3 replies to this topic

[ShyWriter]

The NoScript Firefox extension provides extra protection for Firefox, Seamonkey and other mozilla-based browsers: this free, open source add-on allows JavaScript, Java and Flash and other plugins to be executed only by trusted web sites of your choice (e.g. your online bank), and provides the most powerful Anti-XSS protection available in a browser.

NoScript's unique whitelist based pre-emptive script blocking approach prevents exploitation of security vulnerabilities (known and even not known yet!) with no loss of functionality...

• You can enable JavaScript, Java and plugin execution for sites you trust with a simple left-click on the NoScript status bar icon , or using the contextual menu, for easier operation in popup statusbar-less windows.
  
• Watch the "Block scripts in Firefox" video by CNET.
  
• Features
  
• Screen Shots
  
• FAQ

Product Info: NoScript


Special THANKS to hayc59 for anchor page concept..and format.

[ShyWriter]

.

Script Surrogates Quick Reference

Posted by: Giorgio

Since their introduction, NoScript’s Script Surrogates (or “Surrogate Scripts”) have grown both in reliability and flexibility.
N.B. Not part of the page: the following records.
(* Under the standing setup with $\mathrm{Var}(X_N)>0$, if contextual reinforcement holds ($\delta_W\cdot\delta_B\ge0$), then $D\ge 0$ if and only if $D_{ER}\ge D_{NM}$.
   Context: Let $(X,Y,N)$ be a random triple with $X\in\{0,1\}$, $Y$ real-valued, $N$ taking values in a finite set $\mathcal N$. Write $X_n=\mathbb E[X\mid N=n]$, $X_N=\mathbb E[X\mid N]$, $Y_N=\mathbb E[Y\mid N]$. Assume some $n$ has $\Pr(N=n)>0$ and $X_n\in(0,1)$, and $\mathbb E[Y\mid X=x,N=n]\in[\underline Y,\overline Y]$ whenever $\Pr(X=x,N=n)>0$. $D=\mathbb E[Y\mid X=1]-\mathbb E[Y\mid X=0]$; $\delta_B=\mathbb E[\mathrm{Cov}(Y,X\mid N)]$; $\delta_W=\mathbb E[\mathrm{Cov}(Y,X_N\mid X)]$; $D_{ER}=\mathrm{Cov}(Y_N,X_N)/\mathrm{Var}(X_N)$; $D_{NM}=\mathbb E[X_NY_N]/\mathbb E[X_N]-\mathbb E[(1-X_N)Y_N]/\mathbb E[1-X_N]$. *)

theory Defs
  imports "HOL-Probability.Probability"
begin

text \<open>Conditional expectation of Z given an event A (ratio form; 0 if P(A)=0).\<close>
definition cexp :: "'a measure \<Rightarrow> ('a \<Rightarrow> real) \<Rightarrow> 'a set \<Rightarrow> real" where
  "cexp M Z A = (\<integral>\<omega>. Z \<omega> * indicator A \<omega> \<partial>M) / measure M A"

definition ev :: "'a measure \<Rightarrow> ('a \<Rightarrow> 'b) \<Rightarrow> 'b \<Rightarrow> 'a set" where
  "ev M V v = {\<omega> \<in> space M. V \<omega> = v}"

definition condE :: "'a measure \<Rightarrow> ('a \<Rightarrow> real) \<Rightarrow> ('a \<Rightarrow> 'b) \<Rightarrow> 'a \<Rightarrow> real" where
  "condE M Z V \<omega> = cexp M Z (ev M V (V \<omega>))"

definition condCov :: "'a measure \<Rightarrow> ('a \<Rightarrow> real) \<Rightarrow> ('a \<Rightarrow> real) \<Rightarrow> ('a \<Rightarrow> 'b) \<Rightarrow> 'a \<Rightarrow> real" where
  "condCov M U W V \<omega> = condE M (\<lambda>x. U x * W x) V \<omega> - condE M U V \<omega> * condE M W V \<omega>"

definition cov :: "'a measure \<Rightarrow> ('a \<Rightarrow> real) \<Rightarrow> ('a \<Rightarrow> real) \<Rightarrow> real" where
  "cov M U W = (\<integral>x. U x * W x \<partial>M) - (\<integral>x. U x \<partial>M) * (\<integral>x. W x \<partial>M)"

definition var :: "'a measure \<Rightarrow> ('a \<Rightarrow> real) \<Rightarrow> real" where
  "var M U = (\<integral>x. (U x - (\<integral>y. U y \<partial>M))\<^sup>2 \<partial>M)"

end

theory Submission
  imports Defs
begin

(* With X binary and N finitely valued, the tower property E[E[Z|N] f(N)] = E[Z f(N)] turns
   every quantity in the statement into a rational function of p = E X, E Y, E[Y X], E[Y X_N]
   and c = E[X_N X] = E[X_N^2]. With C = Cov(Y_N, X_N), V = Var(X_N) = c - p^2 and
   P = p (1 - p) one gets delta_B = D P - C, delta_W = C - D V, D_ER = C / V and D_NM = C / P.
   As 0 <= X_N <= 1, strictly inside on some cell, V < P; so reinforcement forces D and C to
   have the same sign, and C / V >= C / P holds exactly when C >= 0. *)

lemma ev_eq_vimage: "ev M V v = V -` {v} \<inter> space M"
  by (auto simp: ev_def)

lemma ev_sets_borel: "X \<in> borel_measurable M \<Longrightarrow> ev M X (x::real) \<in> sets M"
  by (simp add: ev_eq_vimage measurable_sets)

lemma ev_sets_count_space: "N \<in> measurable M (count_space UNIV) \<Longrightarrow> ev M N n \<in> sets M"
  by (simp add: ev_eq_vimage measurable_sets)

lemma mult_fun_eq_sum_indicator_ev:
  fixes Z :: "'a \<Rightarrow> real" and V :: "'a \<Rightarrow> 'v::finite"
  assumes "\<omega> \<in> space M"
  shows "Z \<omega> * f (V \<omega>) = (\<Sum>v\<in>UNIV. f v * (Z \<omega> * indicator (ev M V v) \<omega>))"
proof -
  have "(\<Sum>v\<in>UNIV. f v * (Z \<omega> * indicator (ev M V v) \<omega>)) = (\<Sum>v\<in>UNIV. if v = V \<omega> then f v * Z \<omega> else 0)"
    using assms by (intro sum.cong) (auto simp: ev_def)
  then show ?thesis by simp
qed

lemma integrable_mult_fun_discrete:
  fixes Z :: "'a \<Rightarrow> real" and V :: "'a \<Rightarrow> 'v::finite"
  assumes "\<And>v. ev M V v \<in> sets M" and "integrable M Z"
  shows "integrable M (\<lambda>\<omega>. Z \<omega> * f (V \<omega>))"
proof -
  have "integrable M (\<lambda>\<omega>. \<Sum>v\<in>UNIV. f v * (Z \<omega> * indicator (ev M V v) \<omega>))"
    using assms by (intro Bochner_Integration.integrable_sum integrable_mult_right integrable_real_mult_indicator)
  then show ?thesis
    by (simp add: mult_fun_eq_sum_indicator_ev cong: Bochner_Integration.integrable_cong)
qed

lemma integral_mult_fun_discrete:
  fixes Z :: "'a \<Rightarrow> real" and V :: "'a \<Rightarrow> 'v::finite"
  assumes "\<And>v. ev M V v \<in> sets M" and "integrable M Z"
  shows "(\<integral>\<omega>. Z \<omega> * f (V \<omega>) \<partial>M) = (\<Sum>v\<in>UNIV. f v * (\<integral>\<omega>. Z \<omega> * indicator (ev M V v) \<omega> \<partial>M))"
proof -
  have "(\<integral>\<omega>. Z \<omega> * f (V \<omega>) \<partial>M) = (\<integral>\<omega>. (\<Sum>v\<in>UNIV. f v * (Z \<omega> * indicator (ev M V v) \<omega>)) \<partial>M)"
    by (simp add: mult_fun_eq_sum_indicator_ev cong: Bochner_Integration.integral_cong)
  also have "\<dots> = (\<Sum>v\<in>UNIV. f v * (\<integral>\<omega>. Z \<omega> * indicator (ev M V v) \<omega> \<partial>M))"
    using assms by (subst Bochner_Integration.integral_sum) (simp_all add: integrable_real_mult_indicator)
  finally show ?thesis .
qed

lemma (in finite_measure) integrable_fun_discrete:
  fixes V :: "'a \<Rightarrow> 'v::finite"
  assumes "\<And>v. ev M V v \<in> sets M"
  shows "integrable M (\<lambda>\<omega>. f (V \<omega>) :: real)"
  using integrable_mult_fun_discrete[OF assms, of "\<lambda>_. 1"] by simp

lemma (in finite_measure) integrable_condE:
  fixes Z :: "'a \<Rightarrow> real" and V :: "'a \<Rightarrow> 'v::finite"
  assumes "\<And>v. ev M V v \<in> sets M"
  shows "integrable M (condE M Z V)"
  using integrable_fun_discrete[OF assms, of "\<lambda>v. cexp M Z (ev M V v)"]
  by (simp add: condE_def[abs_def])

(* On a null event cexp is the junk value 0 (division by 0), but the integral vanishes too. *)
lemma (in finite_measure) measure_mult_cexp:
  assumes "A \<in> sets M"
  shows "measure M A * cexp M Z A = (\<integral>\<omega>. Z \<omega> * indicator A \<omega> \<partial>M)"
proof (cases "measure M A = 0")
  case True
  then have "AE \<omega> in M. \<omega> \<notin> A"
    using assms by (intro AE_not_in) (simp add: null_sets_def emeasure_eq_measure)
  then have "AE \<omega> in M. Z \<omega> * indicator A \<omega> = 0"
    by eventually_elim simp
  with True show ?thesis by (simp add: integral_eq_zero_AE)
qed (simp add: cexp_def)

lemma (in finite_measure) integral_condE_mult:
  fixes Z :: "'a \<Rightarrow> real" and V :: "'a \<Rightarrow> 'v::finite"
  assumes "\<And>v. ev M V v \<in> sets M" and "integrable M Z"
  shows "(\<integral>\<omega>. condE M Z V \<omega> * f (V \<omega>) \<partial>M) = (\<integral>\<omega>. Z \<omega> * f (V \<omega>) \<partial>M)"
proof -
  have "(\<integral>\<omega>. condE M Z V \<omega> * f (V \<omega>) \<partial>M) = (\<integral>\<omega>. 1 * (\<lambda>v. cexp M Z (ev M V v) * f v) (V \<omega>) \<partial>M)"
    by (simp add: condE_def)
  also have "\<dots> = (\<Sum>v\<in>UNIV. f v * (measure M (ev M V v) * cexp M Z (ev M V v)))"
    using assms by (subst integral_mult_fun_discrete) (auto simp: Int_absorb2 sets.sets_into_space mult_ac)
  also have "\<dots> = (\<integral>\<omega>. Z \<omega> * f (V \<omega>) \<partial>M)"
    using assms by (simp add: measure_mult_cexp integral_mult_fun_discrete)
  finally show ?thesis .
qed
NoScript 2.1.3 introduced two new types of surrogates (“Before script” and “After script”), so it’s a good time to recap.

Script Surrogates replace a blocked script or complements existing scripts which would not work as expected because of NoScript.
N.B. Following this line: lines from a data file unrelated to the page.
text \<open>The representing vector is a multiple of the minimal-norm
  element of the closed convex level set \<open>{f = 1}\<close>.\<close>

lemma riesz_representation:
  fixes f :: "'a::chilbert_space \<Rightarrow> complex"
  assumes add: "\<And>x y. f (x + y) = f x + f y"
    and hom: "\<And>c x. f (c *\<^sub>C x) = c * f x"
    and bnd: "\<And>x. cmod (f x) \<le> K * norm x"
  shows "\<exists>y. \<forall>x. f x = cinner y x"
proof (cases "\<forall>x. f x = 0")
  case True
  then show ?thesis by (intro exI[of _ 0]) simp
next
  case False
  then obtain e where e: "f e \<noteq> 0" by blast
  have real_hom: "f (r *\<^sub>R x) = r *\<^sub>R f x" for r x
    by (simp add: scaleR_scaleC hom scaleR_conv_of_real)
  have bl: "bounded_linear f"
    by (rule bounded_linear_intro[where K = K]) (use add real_hom bnd in \<open>auto simp: mult.commute\<close>)
  then have lin: "linear f" by (rule bounded_linear.linear)
  define S where "S = {x. f x = 1}"
  have "closed S"
    unfolding S_def by (intro closed_Collect_eq continuous_intros linear_continuous_on bl)
  moreover have "convex S"
    unfolding S_def convex_def by (simp add: add real_hom scaleR_conv_of_real flip: of_real_add)
  moreover have "(1 / f e) *\<^sub>C e \<in> S"
    using e by (simp add: S_def hom)
  ultimately obtain x0 where x0: "f x0 = 1" and min: "\<And>x. f x = 1 \<Longrightarrow> norm x0 \<le> norm x"
    using min_norm_point[of S] unfolding S_def by blast
  have orth: "cinner x0 m = 0" if "f m = 0" for m
    by (rule min_norm_orthogonal, rule min) (simp add: linear_diff[OF lin] hom that x0)
  have x0_norm: "norm x0 \<noteq> 0" using x0 linear_0[OF lin] by force
  show ?thesis
  proof (intro exI allI)
    fix x
    have "f (x - f x *\<^sub>C x0) = 0"
      by (simp add: linear_diff[OF lin] hom x0)
    then have "cinner x0 (x - f x *\<^sub>C x0) = 0" by (rule orth)
    then have "cinner x0 x = f x * complex_of_real ((norm x0)\<^sup>2)"
      by (simp add: cinner_diff_right cinner_scaleC_right cinner_self)
    then show "f x = cinner ((1 / complex_of_real ((norm x0)\<^sup>2)) *\<^sub>C x0) x"
      using x0_norm by (simp add: cinner_scaleC_left)
  qed
qed

lemma bounded_adjoint_exists:
  fixes R :: "'a::chilbert_space \<Rightarrow> 'a"
  assumes add: "\<And>x y. R (x + y) = R x + R y" and hom: "\<And>c x. R (c *\<^sub>C x) = c *\<^sub>C R x"
    and bnd: "\<And>x. norm (R x) \<le> C * norm x"
  shows "\<exists>R'. (\<forall>y z. cinner (R y) z = cinner y (R' z)) \<and> (\<forall>z. norm (R' z) \<le> C * norm z)"
proof -
  have "\<exists>v. \<forall>y. cinner z (R y) = cinner v y" for z
  proof (rule riesz_representation[where K = "C * norm z"])
    show "cmod (cinner z (R x)) \<le> C * norm z * norm x" for x
    proof -
      have "cmod (cinner z (R x)) \<le> norm z * norm (R x)" by (rule cauchy_schwarz)
      also have "\<dots> \<le> norm z * (C * norm x)" using bnd[of x] by (simp add: mult_left_mono)
      finally show ?thesis by (simp add: algebra_simps)
    qed
  qed (simp_all add: add hom cinner_add_right cinner_scaleC_right)
  then have "\<exists>v. \<forall>y. cinner (R y) z = cinner y v" for z
    by (metis cinner_commute)
  then obtain R' where R': "\<And>y z. cinner (R y) z = cinner y (R' z)"
    by metis
  have "norm (R' z) \<le> C * norm z" for z
  proof -
    have Cz: "0 \<le> C * norm z" using bnd[of z] norm_ge_zero order_trans by blast
    have "(norm (R' z))\<^sup>2 = cmod (cinner (R (R' z)) z)"
      by (simp add: R' cinner_self norm_power)
    also have "\<dots> \<le> norm (R (R' z)) * norm z" by (rule cauchy_schwarz)
    also have "\<dots> \<le> C * norm (R' z) * norm z" using bnd by (simp add: mult_right_mono)
    finally have "norm (R' z) * norm (R' z) \<le> norm (R' z) * (C * norm z)"
      by (simp add: power2_eq_square algebra_simps)
    then show ?thesis
      using Cz by (cases "norm (R' z) = 0") (auto simp: mult_le_cancel_left)
  qed
  with R' show ?thesis by blast
qed

section \<open>Linear operators and resolvents\<close>

definition linop :: "'a::chilbert_space op \<Rightarrow> bool" where
  "linop S \<longleftrightarrow> 0 \<in> dom S \<and>
     (\<forall>x\<in>dom S. \<forall>y\<in>dom S. x + y \<in> dom S \<and> app S (x + y) = app S x + app S y) \<and>
     (\<forall>c. \<forall>x\<in>dom S. c *\<^sub>C x \<in> dom S \<and> app S (c *\<^sub>C x) = c *\<^sub>C app S x)"
lemma strip_path_fps_unfold:
  assumes "k < m"
  shows "strip_path_fps b c m k =
     (if k = 0 then 1 else fps_X * fps_const (c (k - 1)) * strip_path_fps b c m (k - 1))
     + fps_X * fps_const (b k) * strip_path_fps b c m k + fps_X * strip_path_fps b c m (Suc k)"
proof -
  define L where "L = (if k = 0 then 1 else fps_X * fps_const (c (k - 1)) * strip_path_fps b c m (k - 1))"
  define m' where "m' = m - Suc k"
  have "m - k = Suc m'"
    using assms by (simp add: m'_def Suc_diff_Suc)
  then have k: "strip_path_fps b c m k = jcf b c (Suc m') k * L"
    by (cases k) (simp_all add: L_def algebra_simps)
  then have Suc_k: "strip_path_fps b c m (Suc k) = jcf b c m' (Suc k) * fps_X * fps_const (c k) * (jcf b c (Suc m') k * L)"
    by (simp add: m'_def)
  show ?thesis
    unfolding L_def[symmetric] Suc_k k
    by (subst jcf_Suc_unfold) (simp add: algebra_simps power2_eq_square)
qed

lemma strip_path_fps_nth:
  "k + n < m \<Longrightarrow> strip_path_fps b c m k $ n = motzkin_weight b c n k"
proof (induction n arbitrary: k)
  case 0
  then show ?case
    by (subst strip_path_fps_unfold) auto
next
  case (Suc n)
  then show ?case
    using Suc.IH[of k] Suc.IH[of "Suc k"] Suc.IH[of "k - 1"]
    by (subst strip_path_fps_unfold) (auto simp: fps_X_mult_nth mult.assoc simp del: strip_path_fps.simps)
qed

lemma jcf_tendsto_motzkin_weight:
  "(\<lambda>m. jcf b c m 0) \<longlonglongrightarrow> Abs_fps (\<lambda>n. motzkin_weight b c n 0)"
proof (rule tendsto_fpsI)
  fix n
  have "jcf b c m 0 $ n = motzkin_weight b c n 0" if "n < m" for m
    using strip_path_fps_nth[of 0 n m b c] that by simp
  then show "eventually (\<lambda>m. jcf b c m 0 $ n = Abs_fps (\<lambda>n. motzkin_weight b c n 0) $ n) sequentially"
    by (auto simp: eventually_sequentially intro!: exI[of _ "Suc n"])
qed

section \<open>Set partitions as arc diagrams\<close>

definition block_edges :: "nat set \<Rightarrow> (nat \<times> nat) set" where
  "block_edges B = {(i, j). i \<in> B \<and> j \<in> B \<and> i < j \<and> (\<forall>k\<in>B. \<not> (i < k \<and> k < j))}"

lemma edges_insert: "edges (insert B P) = block_edges B \<union> edges P"
  unfolding edges_def block_edges_def by blast

lemma block_edges_singleton: "block_edges {m} = {}"
  unfolding block_edges_def by auto

lemma block_edges_insert_above_Max:
  assumes "i \<in> B" "\<forall>k\<in>B. k \<le> i" "i < m"
  shows "block_edges (insert m B) = insert (i, m) (block_edges B)"
  using assms unfolding block_edges_def by (auto 4 3 dest: leD)

lemma edge_lt: "(i, j) \<in> edges P \<Longrightarrow> i < j"
  unfolding edges_def by blast

lemma edge_in_block:
  "(i, j) \<in> edges P \<Longrightarrow> \<exists>B\<in>P. i \<in> B \<and> j \<in> B"
  unfolding edges_def by blast

lemma edge_from_non_maximal:
  assumes "finite B" "B \<in> P" "x \<in> B" "y \<in> B" "x < y"
  shows "\<exists>j\<in>B. x < j \<and> j \<le> y \<and> (x, j) \<in> edges P"
proof -
  define j where "j = Min {k\<in>B. x < k}"
  have "j \<in> {k\<in>B. x < k}"
    unfolding j_def using assms by (intro Min_in) auto
  moreover have "j \<le> y"
    unfolding j_def using assms by (intro Min_le) auto
  moreover have "\<forall>k\<in>B. \<not> (x < k \<and> k < j)"
    using assms(1) Min_le[of "{k\<in>B. x < k}"] by (fastforce simp: j_def)
  ultimately show ?thesis
    using assms(2,3) unfolding edges_def by blast
qed

lemma block_unique: "disjoint P \<Longrightarrow> B \<in> P \<Longrightarrow> C \<in> P \<Longrightarrow> x \<in> B \<Longrightarrow> x \<in> C \<Longrightarrow> B = C"
  unfolding disjoint_def disjnt_def by blast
A Script Surrogate is defined by a pair about:config string entries:

• “noscript.surrogate.surrogate_name.replacement” contains the JavaScript code to be executed.
  
• “noscript.surrogate.surrogate_name.sources” is a URL pattern matching the origin(s) of the scripts to be replaced or complemented.

Various built-in surrogates can be looked up for reference by opening about:config and typing noscript.surrogate. inside the filter box.

Source URL patterns may be prefixed with one or more special characters (<, >, @ and !), which determine the type and behavior of the matching surrogate.

Here’s a quick reference of the available surrogate types grouped by source prefix, courtesy of long time contributor al_9x:

• no prefix
  - blocked script surrogate
  
  • matches blocked scripts
    
  • runs only if page is script allowed
    
  • runs when the blocked matched script would have
• ‘<’
  - before script surrogate
  
  • matches allowed scripts
    
  • runs only if page and script are allowed
    
  • runs just before the matched script executes
• ‘>’
  - after script surrogate.
  
  • matches allowed scripts
    
  • runs only if page and script are allowed
    
  • runs just after (load event) the matched script executes
• ‘@’
  - script allowed page (html document) surrogate
  
  • matches script allowed pages
    
  • runs only if the page is script allowed
    
  • runs before HTML parsing starts
• ‘!’
  - script blocked page surrogate
  
  • matches script blocked pages
    
  • runs only if the page is script blocked
    
  • runs on DOMContentLoaded
• ‘!@’
  - page surrogate
  
  • matches pages
    
  • runs on both script allowed and script blocked pages
    
  • runs on DOMContentLoaded

Source: http://hackademix.ne...uick-reference/

Cheers,
Steve

[ShyWriter]

.

NoScript 2.6.6.5 Final
Available June 9th, 2013

Note: Author of NoScript posted 2.6.6.3rc1 on May 28th

and then went quiet on development page until he released

2.6.6.5 final today, June 9th. No explanation for non-posted

releases shown in changelog... Programmer's prerogative??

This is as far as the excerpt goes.